■ **WORK REQUIRED**
Pull every line holding the word "Rightarrow" from the data below and copy it.

[Records from a dataset]
===
lemma multinomial_theorem:
  fixes a :: "'n::finite \<Rightarrow> 'a::{comm_ring_1, real_algebra_1}"
  shows "(\<Sum>\<kappa>\<in>supported_tuples I k.
            of_real (fact k / (\<Prod>r\<in>I. fact (\<kappa> r))) * (\<Prod>r\<in>I. a r ^ \<kappa> r)) = (\<Sum>r\<in>I. a r) ^ k"
proof -
  have "finite I" by simp
  then show ?thesis
  proof (induction I arbitrary: k rule: finite_induct)
    case empty
    then show ?case by (simp add: supported_tuples_empty power_0_left)
  next
    case (insert x I)
    let ?term = "\<lambda>I k \<kappa>. of_real (fact k / (\<Prod>r\<in>I. fact (\<kappa> r))) * (\<Prod>r\<in>I. a r ^ \<kappa> r) :: 'a"
    have split_term: "?term (insert x I) k (\<kappa>(x := j))
                        = of_nat (k choose j) * a x ^ j * ?term I (k - j) \<kappa>" if "j \<le> k" for j \<kappa>
    proof -
      have "(\<Prod>r\<in>I. a r ^ (\<kappa>(x := j)) r) = (\<Prod>r\<in>I. a r ^ \<kappa> r)"
        using insert(2) by (intro prod.cong) auto
      then have "(\<Prod>r\<in>insert x I. a r ^ (\<kappa>(x := j)) r) = a x ^ j * (\<Prod>r\<in>I. a r ^ \<kappa> r)"
        using insert(1,2) by simp
      then show ?thesis
        unfolding multinomial_coefficient_insert[OF insert(1,2) that]
        by (simp only: of_real_mult of_real_of_nat_eq ac_simps)
    qed
    have "sum (?term (insert x I) k) (supported_tuples (insert x I) k)
            = (\<Sum>j\<le>k. \<Sum>\<kappa>\<in>supported_tuples I (k - j). ?term (insert x I) k (\<kappa>(x := j)))"
      by (rule sum_supported_tuples_insert[OF insert(2)])
    also have "\<dots> = (\<Sum>j\<le>k. of_nat (k choose j) * a x ^ j * sum (?term I (k - j)) (supported_tuples I (k - j)))"
      unfolding sum_distrib_left by (intro sum.cong refl split_term) simp
    also have "\<dots> = (\<Sum>j\<le>k. of_nat (k choose j) * a x ^ j * (\<Sum>r\<in>I. a r) ^ (k - j))"
      using insert.IH by simp
    also have "\<dots> = (\<Sum>r\<in>insert x I. a r) ^ k"
      using insert(1,2) by (simp add: binomial_ring)
    finally show ?case .
  qed
qed

lemma finite_tuples: "finite (tuples k :: ('n::finite \<Rightarrow> nat) set)"
  using finite_supported_tuples[of UNIV k] by (simp only: supported_tuples_UNIV)

lemma card_tuples: "card (tuples k :: ('n::finite \<Rightarrow> nat) set) = (CARD('n) + k - 1) choose k"
  using card_supported_tuples[of "UNIV :: 'n set" k] by (simp only: supported_tuples_UNIV)

lemma tuples_nonempty: "(tuples k :: ('n::finite \<Rightarrow> nat) set) \<noteq> {}"
proof -
  have "(\<lambda>_. 0)(undefined := k) \<in> tuples k"
    unfolding tuples_def by (simp add: sum.delta)
  then show ?thesis by blast
qed

section \<open>The vectors u_kappa realise the Schur power of the Gram matrix\<close>

lemma cinner_column: "cinner (column s B) (column t B) = (\<Sum>r\<in>UNIV. cnj (B $ r $ s) * B $ r $ t)"
  unfolding cinner_def column_def by simp

lemma clen_nonneg: "clen x \<ge> 0"
  unfolding clen_def by (simp add: sum_nonneg)

lemma cinner_self_clen: "cinner x x = complex_of_real ((clen x)\<^sup>2)"
proof -
  have len: "(clen x)\<^sup>2 = (\<Sum>t\<in>UNIV. (cmod (x $ t))\<^sup>2)"
    unfolding clen_def by (simp add: sum_nonneg)
  show ?thesis
    unfolding len cinner_def of_real_sum complex_norm_square by (simp add: mult.commute)
qed

text \<open>Entrywise products of u_kappa: the square root of the multinomial coefficient squares to
  the coefficient itself.\<close>
lemma uvec_cnj_mult:
  "cnj (uvec B k \<kappa> $ s) * uvec B k \<kappa> $ t
     = complex_of_real (multinom k \<kappa>) * (\<Prod>r\<in>UNIV. (cnj (B $ r $ s) * B $ r $ t) ^ \<kappa> r)"
proof -
  define c where "c = complex_of_real (sqrt (multinom k \<kappa>))"
  have entry: "uvec B k \<kappa> $ t' = c * (\<Prod>r\<in>UNIV. B $ r $ t' ^ \<kappa> r)" for t'
    unfolding uvec_def schur_pow_def c_def by simp
  have "multinom k \<kappa> \<ge> 0" unfolding multinom_def by (simp add: prod_nonneg)
  then have root: "cnj c * c = complex_of_real (multinom k \<kappa>)"
    unfolding c_def by (simp flip: of_real_mult)
  have "cnj (\<Prod>r\<in>UNIV. B $ r $ s ^ \<kappa> r) * (\<Prod>r\<in>UNIV. B $ r $ t ^ \<kappa> r)
          = (\<Prod>r\<in>UNIV. (cnj (B $ r $ s) * B $ r $ t) ^ \<kappa> r)"
    by (simp add: prod.distrib[symmetric] power_mult_distrib)
  then show ?thesis
    unfolding entry complex_cnj_mult root[symmetric] by (simp only: ac_simps)
qed

text \<open>Key identity (U* U = G^(k)): summing over all tuples, the multinomial theorem turns the
  products of entries of u_kappa into the k-th power of the inner product of two columns.\<close>
lemma sum_uvec_cnj_mult:
  "(\<Sum>\<kappa>\<in>tuples k. cnj (uvec B k \<kappa> $ s) * uvec B k \<kappa> $ t) = cinner (column s B) (column t B) ^ k"
  unfolding uvec_cnj_mult multinom_def cinner_column supported_tuples_UNIV[symmetric]
  by (rule multinomial_theorem)

section \<open>Trace and Frobenius identities for a family of vectors\<close>

text \<open>For a finite family of vectors u_kappa (the rows of a matrix U), the Gram matrix U U* has
  the same trace as U* U.\<close>
lemma sum_cinner_self_swap:
  "(\<Sum>\<kappa>\<in>A. cinner (u \<kappa>) (u \<kappa>)) = (\<Sum>t\<in>UNIV. \<Sum>\<kappa>\<in>A. cnj (u \<kappa> $ t) * u \<kappa> $ t)"
  unfolding cinner_def by (rule sum.swap)

lemma sum_swap_inner_outer:
  "(\<Sum>a\<in>A. \<Sum>b\<in>B. \<Sum>c\<in>C. \<Sum>d\<in>D. f a b c d)
     = (\<Sum>c\<in>C. \<Sum>d\<in>D. \<Sum>a\<in>A. \<Sum>b\<in>B. (f a b c d :: 'z::comm_monoid_add))"
proof -
  have "(\<Sum>a\<in>A. \<Sum>b\<in>B. \<Sum>c\<in>C. \<Sum>d\<in>D. f a b c d) = (\<Sum>a\<in>A. \<Sum>c\<in>C. \<Sum>b\<in>B. \<Sum>d\<in>D. f a b c d)"
    by (intro sum.cong refl sum.swap)
  also have "\<dots> = (\<Sum>a\<in>A. \<Sum>c\<in>C. \<Sum>d\<in>D. \<Sum>b\<in>B. f a b c d)"
    by (intro sum.cong refl sum.swap)
  also have "\<dots> = (\<Sum>c\<in>C. \<Sum>a\<in>A. \<Sum>d\<in>D. \<Sum>b\<in>B. f a b c d)"
    by (rule sum.swap)
  also have "\<dots> = (\<Sum>c\<in>C. \<Sum>d\<in>D. \<Sum>a\<in>A. \<Sum>b\<in>B. f a b c d)"
    by (intro sum.cong refl sum.swap)
  finally show ?thesis .
qed

text \<open>... and the same Frobenius norm: both sides expand to the quadruple sum of
  conj(u_kappa(s)) u_kappa(t) u_kappa'(s) conj(u_kappa'(t)).\<close>
lemma sum_cmod_cinner_swap:
  fixes u :: "'k \<Rightarrow> complex^'N::finite"
  shows "(\<Sum>\<kappa>\<in>A. \<Sum>\<kappa>'\<in>A. (cmod (cinner (u \<kappa>) (u \<kappa>')))\<^sup>2)
           = (\<Sum>s\<in>UNIV. \<Sum>t\<in>UNIV. (cmod (\<Sum>\<kappa>\<in>A. cnj (u \<kappa> $ s) * u \<kappa> $ t))\<^sup>2)"
proof -
  let ?q = "\<lambda>\<kappa> \<kappa>' s t. (cnj (u \<kappa> $ s) * u \<kappa> $ t) * (u \<kappa>' $ s * cnj (u \<kappa>' $ t))"
  have "complex_of_real ((cmod (cinner (u \<kappa>) (u \<kappa>')))\<^sup>2) = (\<Sum>s\<in>UNIV. \<Sum>t\<in>UNIV. ?q \<kappa> \<kappa>' s t)"
    for \<kappa> \<kappa>'
  proof -
    have "complex_of_real ((cmod (cinner (u \<kappa>) (u \<kappa>')))\<^sup>2)
            = (\<Sum>s\<in>UNIV. cnj (u \<kappa> $ s) * u \<kappa>' $ s) * (\<Sum>t\<in>UNIV. u \<kappa> $ t * cnj (u \<kappa>' $ t))"
      unfolding complex_norm_square by (simp add: cinner_def mult.commute)
    also have "\<dots> = (\<Sum>s\<in>UNIV. \<Sum>t\<in>UNIV. (cnj (u \<kappa> $ s) * u \<kappa>' $ s) * (u \<kappa> $ t * cnj (u \<kappa>' $ t)))"
      by (rule sum_product)
    finally show ?thesis
      by (simp only: ac_simps)
  qed
  then have "complex_of_real (\<Sum>\<kappa>\<in>A. \<Sum>\<kappa>'\<in>A. (cmod (cinner (u \<kappa>) (u \<kappa>')))\<^sup>2)
               = (\<Sum>\<kappa>\<in>A. \<Sum>\<kappa>'\<in>A. \<Sum>s\<in>UNIV. \<Sum>t\<in>UNIV. ?q \<kappa> \<kappa>' s t)"
    by (simp add: of_real_sum)
  also have "\<dots> = (\<Sum>s\<in>UNIV. \<Sum>t\<in>UNIV. \<Sum>\<kappa>\<in>A. \<Sum>\<kappa>'\<in>A. ?q \<kappa> \<kappa>' s t)"
    by (rule sum_swap_inner_outer)
  also have "\<dots> = (\<Sum>s\<in>UNIV. \<Sum>t\<in>UNIV. (\<Sum>\<kappa>\<in>A. cnj (u \<kappa> $ s) * u \<kappa> $ t)
                                         * (\<Sum>\<kappa>'\<in>A. u \<kappa>' $ s * cnj (u \<kappa>' $ t)))"
    by (simp only: sum_product)
  also have "\<dots> = (\<Sum>s\<in>UNIV. \<Sum>t\<in>UNIV. (\<Sum>\<kappa>\<in>A. cnj (u \<kappa> $ s) * u \<kappa> $ t)
                                         * cnj (\<Sum>\<kappa>'\<in>A. cnj (u \<kappa>' $ s) * u \<kappa>' $ t))"
    by (simp add: mult.commute)
  also have "\<dots> = complex_of_real (\<Sum>s\<in>UNIV. \<Sum>t\<in>UNIV. (cmod (\<Sum>\<kappa>\<in>A. cnj (u \<kappa> $ s) * u \<kappa> $ t))\<^sup>2)"
    by (simp only: complex_norm_square of_real_sum)
  finally show ?thesis by (simp only: of_real_eq_iff)
qed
===
■ **RESPONSE BELOW**
  fixes a :: "'n::finite \<Rightarrow> 'a::{comm_ring_1, real_algebra_1}"
lemma finite_tuples: "finite (tuples k :: ('n::finite \<Rightarrow> nat) set)"
lemma card_tuples: "card (tuples k :: ('n::finite \<Rightarrow> nat) set) = (CARD('n) + k - 1) choose k"
lemma tuples_nonempty: "(tuples k :: ('n::finite \<Rightarrow> nat) set) \<noteq> {}"
  fixes u :: "'k \<Rightarrow> complex^'N::finite"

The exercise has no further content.